SPEAKER_00The appliance efficiency remand deserves a second look beyond the immediate DSM planning question. If DOE rewrites the furnace standard, particularly the non-condensing furnace provision, it doesn't just affect rebate program design. It changes the assumed energy savings in integrated resource plans that were built on a premise of continuing efficiency gains in the building stock. Utilities that used those projected savings to defer generation or transmission investment need to revisit those deferrals.
SPEAKER_01The legal pathway matters here too. The remand goes back to the DC circuit under a standard that DOE is actively shaping. If the court defers to the new DOE legal interpretation, the standards are effectively paused pending rewrite. That process could run 18 months or longer. Planning cycles don't wait. Utilities should be identifying which IRP assumptions are most exposed and building contingency scenarios now, before the next resource plan cycle closes.
SPEAKER_00The compounding factor is the DOE Office of Science budget cut. The national labs that help utilities model efficiency program outcomes and validate savings assumptions are also facing a funding squeeze. Those two developments landing together in the same week is worth tracking as a connected constraint on the analytical infrastructure public power relies on.

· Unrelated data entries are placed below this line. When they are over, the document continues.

lemma twins_gdist_le:
  assumes cg: "connected_graph V E" and tw: "twins V E w w'"
    and v: "v \<in> V" "v \<noteq> w" "v \<noteq> w'"
  shows "gdist E w' v \<le> gdist E w v"
proof -
  have g: "graph V E" and w: "w \<in> V"
    using cg tw unfolding connected_graph_def twins_def by auto
  have "gdist E w v \<noteq> 0"
    using gdist_eq_0_iff[OF cg w v(1)] v by simp
  then obtain m where m: "gdist E w v = Suc m"
    using not0_implies_Suc by blast
  then obtain y where y: "E w y" "(E ^^ m) y v"
    using relpowp_gdist[OF cg w v(1)] by (metis relpowp_Suc_D2)
  show ?thesis
  proof (cases "y = w'")
    case True
    then show ?thesis using gdist_le[OF y(2)] m by simp
  next
    case False
    \<comment> \<open>the first step of a shortest walk from \<open>w\<close> can be taken from its twin \<open>w'\<close> instead\<close>
    then have "(E ^^ Suc m) w' v"
      using twins_adjacent[OF g tw y(1)] y(2) by (metis relpowp_Suc_I2)
    then show ?thesis using gdist_le m by metis
  qed
qed

lemma twins_set_dist_eq:
  assumes "connected_graph V E" "twins V E w w'" "T \<subseteq> V" "w \<notin> T" "w' \<notin> T"
  shows "set_dist E w T = set_dist E w' T"
proof -
  have "gdist E w t = gdist E w' t" if "t \<in> T" for t
  proof -
    have "t \<in> V" "t \<noteq> w" "t \<noteq> w'"
      using assms(3-5) that by auto
    then show ?thesis
      using twins_gdist_le[OF assms(1,2)] twins_gdist_le[OF assms(1) twins_sym[OF assms(2)]]
      by (metis antisym)
  qed
  then show ?thesis
    unfolding set_dist_def by (metis image_cong)
qed

lemma relpowp_crossing_edge:
  "(E ^^ n) a b \<Longrightarrow> a \<in> W \<Longrightarrow> b \<notin> W \<Longrightarrow> \<exists>x y. x \<in> W \<and> y \<notin> W \<and> E x y"
proof (induction n arbitrary: b)
  case (Suc n)
  then obtain c where "(E ^^ n) a c" "E c b"
    by (metis relpowp_Suc_E)
  then show ?case
    using Suc by (cases "c \<in> W") auto
qed simp

lemma twin_number_pos: "graph V E \<Longrightarrow> twin_number V E > 0"
proof -
  assume g: "graph V E"
  then obtain u where u: "u \<in> V" and fin: "finite V"
    unfolding graph_def by auto
  then have "card {v \<in> V. twins V E u v} > 0"
    unfolding twins_def by (subst card_gt_0_iff) auto
  also have "\<dots> \<le> twin_number V E"
    unfolding twin_number_def using u fin by (intro Max_ge) auto
  finally show ?thesis .
qed

lemma partition_on_part_unique:
  "partition_on V P \<Longrightarrow> S \<in> P \<Longrightarrow> T \<in> P \<Longrightarrow> u \<in> S \<Longrightarrow> u \<in> T \<Longrightarrow> S = T"
  using partition_onD2 disjointD by blast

SPEAKER_01Today's thread is federal actions narrowing planning certainty on efficiency baselines, on lab partnerships, on market congestion exposure. The through line is that assumptions baked into resource plans over the last several years are under simultaneous pressure from multiple directions. The utilities that come out ahead will be the ones that have already identified which assumptions are load bearing.
SPEAKER_00Verify what you'll act on. Sources are in the show notes. That's your NWPPA morning brief for Thursday, June 11th, 2026. Sources for every story are linked in the show notes. We'll be back tomorrow morning. Keep the lights on.